Best wishes, _ Dafiddla_


----------



## Lightninrod (May 17, 2014)

Yes, that's it. Thank you for posting a link as I couldn't. I found it on ebay for a much lower price($35). Supposedly NIB. It's butane but the ignition is powered by the flat, circular battery… I think. Will do a followup.


----------



## Buckeye Stogie (Aug 10, 2014)

For the price there's a multitude of quad flame lighters like the: Jetline Magna Quad-Flame Lighter. Cheap but effective... That Cohiba looks awesome though.


----------



## MDSPHOTO (Sep 10, 2013)

Butane lighters are unreliable enough adding something else that can go wrong with it is a recipe for trouble. Looks cool though.


----------



## Lightninrod (May 17, 2014)

It finally arrived. Great presentation using a dark brown, leatherette box with white thread stitching and with the COHIBA trademark on the top-center. Inside, the lighter rests in a cut-out in a creame colored, soft 'foam'(?) insert. There is an 'official' COHIBA card tucked into the top of the box. 

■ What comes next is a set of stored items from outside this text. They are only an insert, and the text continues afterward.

(* Let $F_n:[0,+\infty)\to\mathcal L(X,X)$, $n\ge1$, be continuous functions such that $\|F_n(t)\|_{\mathcal L(X,X)}\le R_F$ for all $t\ge0$, $n\ge1$ and some $R_F>0$, and such that for every $T>0$, $\int_0^tF_n(r)\,dr\to0$ in $\mathcal L(X,X)$ as $n\to+\infty$, uniformly with respect to $t\in[0,T]$. Then for every $T>0$, $$\lim_{n\to+\infty}\int_s^tF_n(r)S_0(r-s)\bar u\,dr=0\quad\text{in }X,$$ uniformly with respect to $\bar u$ in bounded subsets of $X$, $t\in[0,T]$ and $s\in[0,t]$.
   Context: $X$ is a Banach space. $A_0$ is a linear operator in $X$ such that $-A_0$ generates an analytic $C_0$-semigroup $\{S_0(t)\}_{t\ge0}$ on $X$ satisfying $\|S_0(t)\|_{\mathcal L(X,X)}\le M_0$ for $t\ge0$ and $\|A_0S_0(t)\|_{\mathcal L(X,X)}\le M_1t^{-1}$ for $t>0$, for some constants $M_0,M_1>0$. *)

theory Defs
  imports "HOL-Analysis.Analysis"
begin

definition C0_semigroup :: "(real \<Rightarrow> 'a::banach \<Rightarrow>\<^sub>L 'a) \<Rightarrow> bool" where
  "C0_semigroup S \<longleftrightarrow>
     S 0 = id_blinfun \<and>
     (\<forall>t\<ge>0. \<forall>s\<ge>0. S (t + s) = S t o\<^sub>L S s) \<and>
     (\<forall>x. continuous_on {0..} (\<lambda>t. S t x))"

definition is_generator ::
  "(real \<Rightarrow> 'a::banach \<Rightarrow>\<^sub>L 'a) \<Rightarrow> ('a \<Rightarrow> 'a) \<Rightarrow> 'a set \<Rightarrow> bool" where
  "is_generator S G D \<longleftrightarrow>
     D = {x. \<exists>y. ((\<lambda>h. (S h x - x) /\<^sub>R h) \<longlongrightarrow> y) (at_right 0)} \<and>
     (\<forall>x\<in>D. ((\<lambda>h. (S h x - x) /\<^sub>R h) \<longlongrightarrow> G x) (at_right 0))"

text \<open>Analytic (holomorphic) semigroup, in the real-Banach-space characterization
  (Pazy, Thm 2.5.2(d)): a uniformly bounded C0-semigroup which is differentiable for
  t > 0 (S t maps X into the domain of the generator) with
  norm (G S(t)) \<le> C / t for t > 0.\<close>
definition analytic_C0_semigroup ::
  "(real \<Rightarrow> 'a::banach \<Rightarrow>\<^sub>L 'a) \<Rightarrow> ('a \<Rightarrow> 'a) \<Rightarrow> 'a set \<Rightarrow> bool" where
  "analytic_C0_semigroup S G D \<longleftrightarrow>
     C0_semigroup S \<and> is_generator S G D \<and>
     (\<exists>M. \<forall>t\<ge>0. norm (S t) \<le> M) \<and>
     (\<forall>t>0. \<forall>x. S t x \<in> D) \<and>
     (\<exists>C. \<forall>t>0. \<forall>x. norm (G (S t x)) \<le> C / t * norm x)"

end

theory Submission
  imports Defs
begin

text \<open>
  Split the integral at s + \<delta>. On [s, s + \<delta>] the integrand is bounded by R_F M0 |u|, so this
  piece is at most R_F M0 |u| \<delta>. On [s + \<delta>, t] integrate by parts against the primitive
  \<Phi>_n(r) = \<integral>_0^r F_n, which is uniformly small for large n: since S0(r) maps into the domain
  of A0 for r > 0, the map r \<mapsto> S0(r - s) u is differentiable there with derivative
  -A0 S0(r - s) u, of norm at most M1 |u| / \<delta>. So this piece is at most
  sup |\<Phi>_n| |u| (2 M0 + T M1 / \<delta>). Fix \<delta> first, then take n large.
\<close>

lemma has_vector_derivative_at_iff_difference_quotient:
  fixes f :: "real \<Rightarrow> 'a::real_normed_vector"
  shows "(f has_vector_derivative D) (at x) \<longleftrightarrow> ((\<lambda>y. (f y - f x) /\<^sub>R (y - x)) \<longlongrightarrow> D) (at x)"
proof -
  have "norm ((f y - f x) /\<^sub>R (y - x) - D) = norm (f y - f x - (y - x) *\<^sub>R D) / norm (y - x)"
    if "y \<noteq> x" for y
  proof -
    have "f y - f x - (y - x) *\<^sub>R D = (y - x) *\<^sub>R ((f y - f x) /\<^sub>R (y - x) - D)"
      using that by (simp add: scaleR_right_diff_distrib)
    then show ?thesis using that by simp
  qed
  then have "((\<lambda>y. norm ((f y - f x) /\<^sub>R (y - x) - D)) \<longlongrightarrow> 0) (at x) \<longleftrightarrow>
             ((\<lambda>y. norm (f y - f x - (y - x) *\<^sub>R D) / norm (y - x)) \<longlongrightarrow> 0) (at x)"
    by (intro filterlim_cong) (auto simp: eventually_at_filter)
  then show ?thesis
    unfolding has_vector_derivative_def has_derivative_iff_norm tendsto_norm_zero_iff
    by (simp add: bounded_linear_scaleR_left LIM_zero_iff)
qed

lemma has_vector_derivative_at_from_one_sided:
  fixes f :: "real \<Rightarrow> 'a::real_normed_vector"
  assumes right: "((\<lambda>h. (f (x + h) - f x) /\<^sub>R h) \<longlongrightarrow> D) (at_right 0)"
    and left: "((\<lambda>h. (f x - f (x - h)) /\<^sub>R h) \<longlongrightarrow> D) (at_right 0)"
  shows "(f has_vector_derivative D) (at x)"
proof -
  define q where "q y = (f y - f x) /\<^sub>R (y - x)" for y
  have "(q \<longlongrightarrow> D) (at_right x)"
    unfolding filterlim_at_right_to_0[of q _ x] using right by (simp add: q_def add.commute)
  moreover have "q (x - h) = (f x - f (x - h)) /\<^sub>R h" for h
  proof -
    have "q (x - h) = - ((f (x - h) - f x) /\<^sub>R h)" by (simp add: q_def)
    then show ?thesis by (simp add: scaleR_diff_right)
  qed
  then have "(q \<longlongrightarrow> D) (at_left x)"
    unfolding filterlim_at_left_to_right filterlim_at_right_to_0[of _ _ "- x"] using left by simp
  ultimately show ?thesis
    unfolding has_vector_derivative_at_iff_difference_quotient q_def[symmetric]
    using filterlim_at_split by blast
qed

lemma C0_semigroup_apply_add:
  assumes "C0_semigroup S" "a \<ge> 0" "b \<ge> 0"
  shows "S a (S b x) = S (a + b) x"
  using assms unfolding C0_semigroup_def by auto

lemma generator_semigroup_commute:
  assumes C0: "C0_semigroup S" and gen: "is_generator S G D"
    and "w \<in> D" "a \<ge> 0" "S a w \<in> D"
  shows "G (S a w) = S a (G w)"
proof -
  have "((\<lambda>h. (S h w - w) /\<^sub>R h) \<longlongrightarrow> G w) (at_right 0)"
    using gen \<open>w \<in> D\<close> unfolding is_generator_def by blast
  then have "((\<lambda>h. S a ((S h w - w) /\<^sub>R h)) \<longlongrightarrow> S a (G w)) (at_right 0)"
    by (rule blinfun.tendsto[OF tendsto_const])
  moreover have "\<forall>\<^sub>F h in at_right 0. S a ((S h w - w) /\<^sub>R h) = (S h (S a w) - S a w) /\<^sub>R h"
    using eventually_at_right_less
  proof (rule eventually_mono)
    fix h :: real assume "h > 0"
    then show "S a ((S h w - w) /\<^sub>R h) = (S h (S a w) - S a w) /\<^sub>R h"
      using C0_semigroup_apply_add[OF C0, of a h w] C0_semigroup_apply_add[OF C0, of h a w] \<open>a \<ge> 0\<close>
      by (simp add: blinfun.scaleR_right blinfun.diff_right add.commute)
  qed
  ultimately have "((\<lambda>h. (S h (S a w) - S a w) /\<^sub>R h) \<longlongrightarrow> S a (G w)) (at_right 0)"
    by (rule Lim_transform_eventually)
  moreover have "((\<lambda>h. (S h (S a w) - S a w) /\<^sub>R h) \<longlongrightarrow> G (S a w)) (at_right 0)"
    using gen \<open>S a w \<in> D\<close> unfolding is_generator_def by blast
  ultimately show ?thesis
    using tendsto_unique[OF trivial_limit_at_right_real] by blast
qed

As it was empty, I began adjusting the fuel valve. That's when a problem appeared. The black plastic ring with screw driver slots seemed to be slipping. I loosened the small screw that holds the gold colored plate to the bottom of the lighter. Sure enough, the black plastic piece was not gripping the steel vavle but…. the valve has screwdriver slots cut into it. Put the plate back on leaving the black plastic part out. The opening is large enough for my screwdriver to fit, allowing me to adjust fuel flow. 

Filled it up and let it rest for a while, warming back up. Adjusted the fuel valve to the + side and flipped the top over to the left. This releases the fuel. Touching the opening in the front of the lighter causes ignition and an instant, single torch flame, I mean instant! 

Used it to light up a La Floridita and I'm enjoying it as I post this. 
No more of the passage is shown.